NFC Data Security Using Hill Cipher

Near Field Communication (NFC) technology has become ubiquitous in various applications, from contactless payments to data transfer between devices. As the use of NFC expands, ensuring the security of transmitted data becomes paramount. This research investigates the application of Hill Cipher, a linear algebra-based encryption technique, to enhance the security of data transmitted via NFC. In the field of contemporary wireless technology, near-field communication (NFC) stands out as an important force, enabling contactless transactions and the seamless exchange of information between electronic devices. This research explores the innovative integration of NFC into the attendance input process, which is linked to a website-based attendance system. NFC’s adaptability, which was initially prominent in payment cards, has expanded across industries, empowering smartphones, tablets, and wearable devices. This study contributes to the ongoing development of NFC technology, proposing a renewable solution for student attendance systems. With a vision of increased efficiency, this research anticipates increased utilization of time and resources, thereby providing a promising path for the advancement of attendance management. A comprehensive evaluation of the proposed NFC data security solution was conducted through simulations and practical implementations.

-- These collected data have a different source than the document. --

(* Let $\gamma>0$, $a,b,c,d>0$ and $\rho>1/2$. Let $(x_n)$ and $(y_n)$ be sequences of positive real numbers satisfying, for all $n$, $$x_{n+1}-x_n\le-\gamma a\,x_n^{1+\rho}y_n^{-\rho}+\gamma b\,x_n,\qquad y_{n+1}-y_n\le-\gamma c\,x_n^\rho y_n^{1-\rho}+\gamma d\sqrt{x_ny_n}.$$ Assume further that $$x_k\ge\Big(\frac dc\Big)^{\frac{2}{2\rho-1}}y_0\quad\text{and}\quad x_k\ge\Big(2\frac ba\Big)^{\frac1\rho}y_0\qquad\text{for all }k=0,\dots,n-1.$$ Then $x_n\le e^{-\gamma bn}x_0$ and $y_n\le y_0$. *)

theory Defs
  imports Complex_Main
begin

end

theory Submission
  imports Defs
begin

text \<open>Both recursions are homogeneous of degree one in \<open>(x, y)\<close>, so each step only depends on the
  ratio \<open>r = x / y\<close>: \<open>x' \<le> x (1 - \<gamma> a r\<^sup>\<rho> + \<gamma> b)\<close> and \<open>y' \<le> y (1 - \<gamma> (c r\<^sup>\<rho> - d \<surd>r))\<close>.
  While \<open>y\<close> has not grown above \<open>y\<^sub>0\<close>, the hypotheses keep \<open>r\<close> above both thresholds, where
  \<open>c r\<^sup>\<rho> \<ge> d \<surd>r\<close> (so \<open>y\<close> does not grow) and \<open>a r\<^sup>\<rho> \<ge> 2 b\<close> (so \<open>x\<close> contracts by
  \<open>1 - \<gamma> b \<le> exp (- \<gamma> b)\<close>).\<close>

lemma powr_rho_mult_powr_one_minus:
  fixes x y \<rho> :: real
  assumes "x > 0" "y > 0"
  shows "x powr \<rho> * y powr (1 - \<rho>) = y * (x / y) powr \<rho>"
  using assms by (simp add: powr_divide powr_diff)

lemma powr_one_plus_mult_powr_minus:
  fixes x y \<rho> :: real
  assumes "x > 0" "y > 0"
  shows "x powr (1 + \<rho>) * y powr (- \<rho>) = x * (x / y) powr \<rho>"
  using assms by (simp add: powr_divide powr_add powr_minus_divide)

lemma sqrt_mult_eq_mult_ratio_powr_half:
  fixes x y :: real
  assumes "x > 0" "y > 0"
  shows "sqrt (x * y) = y * (x / y) powr (1/2)"
proof -
  have "x * y = (x / y) * y\<^sup>2"
    using assms by (simp add: power2_eq_square)
  then have "sqrt (x * y) = sqrt (x / y) * sqrt (y\<^sup>2)"
    by (metis real_sqrt_mult)
  then show ?thesis
    using assms by (simp add: powr_half_sqrt)
qed

lemma le_powr_of_root_le:
  fixes t r e :: real
  assumes "e > 0" "t > 0" "t powr (1 / e) \<le> r"
  shows "t \<le> r powr e"
proof -
  have "t = (t powr (1 / e)) powr e"
    using assms(1,2) by (simp add: powr_powr)
  also have "\<dots> \<le> r powr e"
    using assms by (intro powr_mono2) auto
  finally show ?thesis .
qed

lemma ratio_le_of_ge_threshold:
  fixes x y t e :: real
  assumes "y > 0" "e > 0" "t > 0" "x \<ge> t powr (1 / e) * y"
  shows "t \<le> (x / y) powr e"
  using assms by (intro le_powr_of_root_le) (simp_all add: pos_le_divide_eq)

lemma y_step_nonincreasing:
  fixes \<gamma> c d \<rho> x y y' :: real
  assumes "\<gamma> \<ge> 0" "c > 0" "d > 0" "\<rho> > 1/2" "x > 0" "y > 0"
    and step: "y' - y \<le> - \<gamma> * c * x powr \<rho> * y powr (1 - \<rho>) + \<gamma> * d * sqrt (x * y)"
    and above: "x \<ge> (d / c) powr (2 / (2 * \<rho> - 1)) * y"
  shows "y' \<le> y"
proof -
  define r where "r = x / y"
  have "2 / (2 * \<rho> - 1) = 1 / (\<rho> - 1/2)"
    by (simp add: field_simps)
  then have "d / c \<le> r powr (\<rho> - 1/2)"
    using assms above unfolding r_def by (intro ratio_le_of_ge_threshold) auto
  then have "d * r powr (1/2) \<le> c * r powr (\<rho> - 1/2) * r powr (1/2)"
    using \<open>c > 0\<close> by (intro mult_right_mono) (simp_all add: pos_divide_le_eq mult.commute)
  also have "\<dots> = c * r powr \<rho>"
    by (simp add: mult.assoc powr_add[symmetric])
  finally have "\<gamma> * d * (y * r powr (1/2)) \<le> \<gamma> * c * (y * r powr \<rho>)"
    using assms(1,6) by (simp add: mult_left_mono mult.assoc mult.left_commute)
  then show ?thesis
    using step assms(5,6) unfolding r_def
    by (simp add: powr_rho_mult_powr_one_minus sqrt_mult_eq_mult_ratio_powr_half mult.assoc)
qed

lemma x_step_contracts:
  fixes \<gamma> a b \<rho> x y x' :: real
  assumes "\<gamma> \<ge> 0" "a > 0" "b > 0" "\<rho> > 0" "x > 0" "y > 0"
    and step: "x' - x \<le> - \<gamma> * a * x powr (1 + \<rho>) * y powr (- \<rho>) + \<gamma> * b * x"
    and above: "x \<ge> (2 * (b / a)) powr (1 / \<rho>) * y"
  shows "x' \<le> exp (- \<gamma> * b) * x"
proof -
  define r where "r = x / y"
  have "2 * (b / a) \<le> r powr \<rho>"
    using assms above unfolding r_def by (intro ratio_le_of_ge_threshold) auto
  then have "\<gamma> * (2 * b) * x \<le> \<gamma> * (a * r powr \<rho>) * x"
    using assms(1,2,5) by (intro mult_right_mono mult_left_mono) (auto simp: field_simps)
  moreover have "\<gamma> * a * x powr (1 + \<rho>) * y powr (- \<rho>) = \<gamma> * (a * r powr \<rho>) * x"
    using powr_one_plus_mult_powr_minus[OF assms(5,6), of \<rho>] unfolding r_def
    by (simp only: mult.assoc) (simp add: mult_ac)
  ultimately have "x' \<le> x - \<gamma> * b * x"
    using step by linarith
  also have "\<dots> = (1 - \<gamma> * b) * x"
    by (simp add: algebra_simps)
  also have "\<dots> \<le> exp (- \<gamma> * b) * x"
    using \<open>x > 0\<close> exp_ge_add_one_self[of "- \<gamma> * b"] by (intro mult_right_mono) auto
  finally show ?thesis .
qed

lemma le_power_mult_of_step_le:
  fixes u :: "nat \<Rightarrow> real" and q :: real
  assumes "q \<ge> 0" "\<And>k. k < n \<Longrightarrow> u (Suc k) \<le> q * u k"
  shows "u n \<le> q ^ n * u 0"
  using assms(2)
proof (induction n)
  case 0
  then show ?case by simp
next
  case (Suc n)
  have "u (Suc n) \<le> q * u n"
    using Suc.prems by simp
  also have "\<dots> \<le> q * (q ^ n * u 0)"
    using Suc \<open>q \<ge> 0\<close> by (intro mult_left_mono) auto
  finally show ?case by (simp add: mult.assoc)
qed

theorem lemma3p3:
  fixes \<gamma> a b c d \<rho> :: real and x y :: "nat \<Rightarrow> real" and n :: nat
  assumes "\<gamma> > 0" "a > 0" "b > 0" "c > 0" "d > 0" "\<rho> > 1/2"
    and "\<And>m. x m > 0" "\<And>m. y m > 0"
    and "\<And>m. x (Suc m) - x m \<le> - \<gamma> * a * x m powr (1 + \<rho>) * y m powr (- \<rho>) + \<gamma> * b * x m"
    and "\<And>m. y (Suc m) - y m \<le> - \<gamma> * c * x m powr \<rho> * y m powr (1 - \<rho>) + \<gamma> * d * sqrt (x m * y m)"
    and "\<And>k. k < n \<Longrightarrow> x k \<ge> (d / c) powr (2 / (2 * \<rho> - 1)) * y 0"
    and "\<And>k. k < n \<Longrightarrow> x k \<ge> (2 * (b / a)) powr (1 / \<rho>) * y 0"
  shows "x n \<le> exp (- \<gamma> * b * real n) * x 0 \<and> y n \<le> y 0"
proof -
  have y_bounded: "y k \<le> y 0" if "k \<le> n" for k
    using that
  proof (induction k)
    case (Suc k)
    have "(d / c) powr (2 / (2 * \<rho> - 1)) * y k \<le> (d / c) powr (2 / (2 * \<rho> - 1)) * y 0"
      using Suc by (intro mult_left_mono) auto
    also have "\<dots> \<le> x k"
      using assms(11) Suc.prems by simp
    finally have "x k \<ge> (d / c) powr (2 / (2 * \<rho> - 1)) * y k" .
    then have "y (Suc k) \<le> y k"
      using \<open>\<gamma> > 0\<close> by (intro y_step_nonincreasing[OF _ assms(4-8,10)]) simp
    with Suc show ?case by simp
  qed simp
  have "x (Suc k) \<le> exp (- \<gamma> * b) * x k" if "k < n" for k
  proof -
    have "(2 * (b / a)) powr (1 / \<rho>) * y k \<le> (2 * (b / a)) powr (1 / \<rho>) * y 0"
      using y_bounded that by (intro mult_left_mono) auto
    also have "\<dots> \<le> x k"
      using assms(12) that by simp
    finally have "x k \<ge> (2 * (b / a)) powr (1 / \<rho>) * y k" .
    moreover have "\<rho> > 0"
      using \<open>\<rho> > 1/2\<close> by simp
    ultimately show ?thesis
      using \<open>\<gamma> > 0\<close> by (intro x_step_contracts[OF _ assms(2,3) _ assms(7,8,9)]) simp_all
  qed
  then have "x n \<le> exp (- \<gamma> * b) ^ n * x 0"
    by (intro le_power_mult_of_step_le) auto
  then show ?thesis
    using y_bounded by (simp add: exp_of_nat_mult[symmetric] mult.commute)
qed

end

The research assesses the impact on communication speed, energy consumption, and overall system performance. Results indicate that the integration of Hill Cipher introduces a negligible overhead on communication speed, making it a viable option for real-time NFC applications. Furthermore, the study addresses potential vulnerabilities and threats associated with NFC technology, emphasizing the role of Hill Cipher in mitigating risks such as eavesdropping and unauthorized data interception. The research considers practical implementation challenges and proposes strategies for seamless integration into existing NFC-enabled devices. In conclusion, this research contributes to the ongoing discourse on NFC data security by introducing Hill Cipher as a robust encryption mechanism. The findings underscore the feasibility of implementing this encryption technique without compromising the efficiency of NFC communication. The proposed secure communication protocol holds promise for enhancing the privacy and integrity of data transmitted via NFC, fostering trust in the expanding ecosystem of NFC-enabled applications.